Огромные безводные степные просторы и запасы нефти делают идею тепловоза для России особенно заманчивой. Электрическая тяга, по крайней мере в ближайшие десятилетия, с тепловозом конкурировать не сможет. На электрификацию всех русских железных дорог пришлось бы затратить около семи миллионов рублей. Сейчас это нереально, фантастично. Выгодно отличаясь от электрического локомотива, тепловоз не привязан к проводам, его можно легко и быстро перебросить на любую дорогу. Тепловоз не требует постройки электрических станций, затраты на него окупаются сразу, моментально…
Инженер визави согласно кивнул Юрию Владимировичу.
Задержав взгляд на инженере, Ломоносов произнес:
— Теперь встает вопрос чисто практический: где строить наши первые тепловозы? Дома или за границей?
Самое трудное Юрий Владимирович уже сказал: тепловоз созрел для России, Россия созрела для тепловоза.
Дальше оставались вещи, с его точки зрения, вполне очевидные, бесспорные.
Русские национализированные заводы, сказал Ломоносов, наполовину разрушенные, лишенные опытных, квалифицированных рабочих рук, построить сегодня первый в мире магистральный тепловоз не в состоянии. Да и нет в этом никакой нужды. Мы должны быть умными, практичными и, поелику возможно, хитрыми.
Он опять задержал взгляд на инженере визави, улыбнулся ему. Разночинец был Ломоносову симпатичен.
Железнодорожная миссия Красина, в которой он, — Ломоносов, имеет честь сотрудничать, сделалась сегодня крупнейшим в Европе заказчиком паровозов. В русских заказах заинтересованы лучшие, самые знаменитые заводы Европы.
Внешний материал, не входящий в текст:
(* Let $P$ be a 6-stack. Then $P$ has a proper retract which (with the induced order) is isomorphic to a tower of sections if and only if $r(P)$ is a multiple of $3$. Consequently, $P$ is minimal automorphic if and only if $r(P)$ is not a multiple of $3$.
   Context: All posets are finite. For a poset $P$ and $p\in P$, the rank $r(p)$ of $p$ is the largest $m$ such that there is a chain $p_0<\dots<p_m=p$ in $P$. $P$ is ranked of rank $r(P)$ if every maximal chain has exactly $r(P)+1$ elements. For $0\le i\le j$, $P(i,j)=\{p\in P:i\le r(p)\le j\}$ (induced order). A subset $Q\subseteq P$ (induced order) is a retract of $P$ if there is an order-preserving $f:P\to Q$ with $f(q)=q$ for all $q\in Q$; it is proper if $Q\neq P$. The 6-crown $C_6$ is the poset on $\{x_0,x_1,x_2,y_0,y_1,y_2\}$ whose only strict comparabilities are $x_0<y_0>x_1<y_1>x_2<y_2>x_0$. A 6-stack is a ranked poset $P$ of rank $n\ge1$ such that $P(i,i+1)\cong C_6$ for each $0\le i<n$. The ordinal sum of posets $P_1,\dots,P_k$ ($k\ge1$) is their disjoint union ordered by the orders of the $P_i$ together with $p<q$ whenever $p\in P_i,q\in P_j,i<j$. A section is either a two-element antichain or a poset on the set $\{[i,k]: 0\le i\le 2,\ 0\le k\le n\}$ (with $3(n+1)$ distinct elements), for some $n\ge 1$, such that: (1) $[i,k]<[i,l]$ whenever $0\le k<l\le n$; (2) for each $k$, $\{[0,k],[1,k],[2,k]\}$ is an antichain; (3) $[i,k]<[j,l]$ implies $[i+1,k]<[j+1,l]$ (first indices mod $3$); (4) for each $0\le k<n$ there are $i,j$ with $[i,k]\not<[j,k+1]$. A tower of sections is an ordinal sum of one or more sections. A poset is automorphic if it has an automorphism with no fixed point; it is minimal automorphic if it is automorphic and no proper retract of it is automorphic. *)

theory Defs
  imports Main
begin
Они стоят пустые, без средств и без работы, жадно смотрят в руки русских работодателей. Они готовы начать работать для России даже до того, как получат от нас наличное золото, под одно только честное слово, под одно обещание… Парадокс, но парадокс, складывающийся в нашу пользу. Нищая Россия, заказывающая у Европы технику, может диктовать Европе и собственную техническую политику… Ирония судьбы, ирония истории, но ею нельзя, преступно ею не воспользоваться…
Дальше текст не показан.